(Collected data entries)

(* In the setting of the context, let $B\ge1$ and suppose $k_{B+1}=k_B=:k$. Then $$\mathrm{Pow}(B)-\mathrm{Pow}(B+1)=\mathbb{E}\Bigl[q(\mathcal{X})\,\binom{B}{k}q(\mathcal{X})^k(1-q(\mathcal{X}))^{B-k}\Bigr]$$ (interpreted as $0$ when $k<0$), i.e. $\mathbb{E}[q(\mathcal{X})\,\mathbb{P}(\mathrm{Binomial}(B,q(\mathcal{X}))=k\mid\mathcal{X})]$, and moreover $$\mathrm{Pow}(B)-\mathrm{Pow}(B+1)\le \frac{1}{\sqrt{2\pi(B+1)}}\sqrt{\frac{\alpha}{1-\alpha}}.$$
   Context: Let $\mathcal{X}$ be a random observed dataset taking values in a space on which a finite group $\mathcal{G}$ acts (write $\mathcal{X}^\pi$ for the action of $\pi\in\mathcal{G}$; the identity of $\mathcal{G}$ fixes every dataset), and let $T$ be a real-valued test statistic. Fix $\alpha\in(0,1)$. For an integer $B\ge1$, let $\pi_1,\dots,\pi_B$ be i.i.d. uniform on $\mathcal{G}$, independent of $\mathcal{X}$. The Monte Carlo permutation $p$-value is $p_B(\mathcal{X})=\bigl(1+\sum_{i=1}^B \mathbf{1}\{T(\mathcal{X}^{\pi_i})\ge T(\mathcal{X})\}\bigr)/(B+1)$, and the test rejects iff $p_B(\mathcal{X})\le\alpha$. Define $q(\mathcal{X})=\mathbb{P}(T(\mathcal{X}^\pi)\ge T(\mathcal{X})\mid \mathcal{X})$ for $\pi$ uniform on $\mathcal{G}$ independent of $\mathcal{X}$ (so $q(\mathcal{X})\in[1/|\mathcal{G}|,1]$), $R_B=\sum_{i=1}^B \mathbf{1}\{T(\mathcal{X}^{\pi_i})\ge T(\mathcal{X})\}$ (so $R_B\mid\mathcal{X}\sim\mathrm{Binomial}(B,q(\mathcal{X}))$), and the critical count $k_B=\lfloor (B+1)\alpha\rfloor-1$ for integers $B\ge 0$. Then $\{p_B(\mathcal{X})\le\alpha\}=\{R_B\le k_B\}$. The conditional rejection probability is $\phi_B(\mathcal{X})=\mathbb{P}(R_B\le k_B\mid\mathcal{X})$ and the (unconditional) power is $\mathrm{Pow}(B)=\mathbb{E}[\phi_B(\mathcal{X})]=\mathbb{E}\bigl[\mathbb{P}(\mathrm{Binomial}(B,q(\mathcal{X}))\le k_B\mid\mathcal{X})\bigr]$, for $B\ge1$. *)

theory Defs
  imports "HOL-Probability.Probability" "HOL-Algebra.Group_Action"
begin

Task to complete: Reproduce the preceding entries exactly and completely.

Exercise answer:
(* In the setting of the context, let $B\ge1$ and suppose $k_{B+1}=k_B=:k$. Then $$\mathrm{Pow}(B)-\mathrm{Pow}(B+1)=\mathbb{E}\Bigl[q(\mathcal{X})\,\binom{B}{k}q(\mathcal{X})^k(1-q(\mathcal{X}))^{B-k}\Bigr]$$ (interpreted as $0$ when $k<0$), i.e. $\mathbb{E}[q(\mathcal{X})\,\mathbb{P}(\mathrm{Binomial}(B,q(\mathcal{X}))=k\mid\mathcal{X})]$, and moreover $$\mathrm{Pow}(B)-\mathrm{Pow}(B+1)\le \frac{1}{\sqrt{2\pi(B+1)}}\sqrt{\frac{\alpha}{1-\alpha}}.$$
   Context: Let $\mathcal{X}$ be a random observed dataset taking values in a space on which a finite group $\mathcal{G}$ acts (write $\mathcal{X}^\pi$ for the action of $\pi\in\mathcal{G}$; the identity of $\mathcal{G}$ fixes every dataset), and let $T$ be a real-valued test statistic. Fix $\alpha\in(0,1)$. For an integer $B\ge1$, let $\pi_1,\dots,\pi_B$ be i.i.d. uniform on $\mathcal{G}$, independent of $\mathcal{X}$. The Monte Carlo permutation $p$-value is $p_B(\mathcal{X})=\bigl(1+\sum_{i=1}^B \mathbf{1}\{T(\mathcal{X}^{\pi_i})\ge T(\mathcal{X})\}\bigr)/(B+1)$, and the test rejects iff $p_B(\mathcal{X})\le\alpha$. Define $q(\mathcal{X})=\mathbb{P}(T(\mathcal{X}^\pi)\ge T(\mathcal{X})\mid \mathcal{X})$ for $\pi$ uniform on $\mathcal{G}$ independent of $\mathcal{X}$ (so $q(\mathcal{X})\in[1/|\mathcal{G}|,1]$), $R_B=\sum_{i=1}^B \mathbf{1}\{T(\mathcal{X}^{\pi_i})\ge T(\mathcal{X})\}$ (so $R_B\mid\mathcal{X}\sim\mathrm{Binomial}(B,q(\mathcal{X}))$), and the critical count $k_B=\lfloor (B+1)\alpha\rfloor-1$ for integers $B\ge 0$. Then $\{p_B(\mathcal{X})\le\alpha\}=\{R_B\le k_B\}$. The conditional rejection probability is $\phi_B(\mathcal{X})=\mathbb{P}(R_B\le k_B\mid\mathcal{X})$ and the (unconditional) power is $\mathrm{Pow}(B)=\mathbb{E}[\phi_B(\mathcal{X})]=\mathbb{E}\bigl[\mathbb{P}(\mathrm{Binomial}(B,q(\mathcal{X}))\le k_B\mid\mathcal{X})\bigr]$, for $B\ge1$. *)

theory Defs
  imports "HOL-Probability.Probability" "HOL-Algebra.Group_Action"
begin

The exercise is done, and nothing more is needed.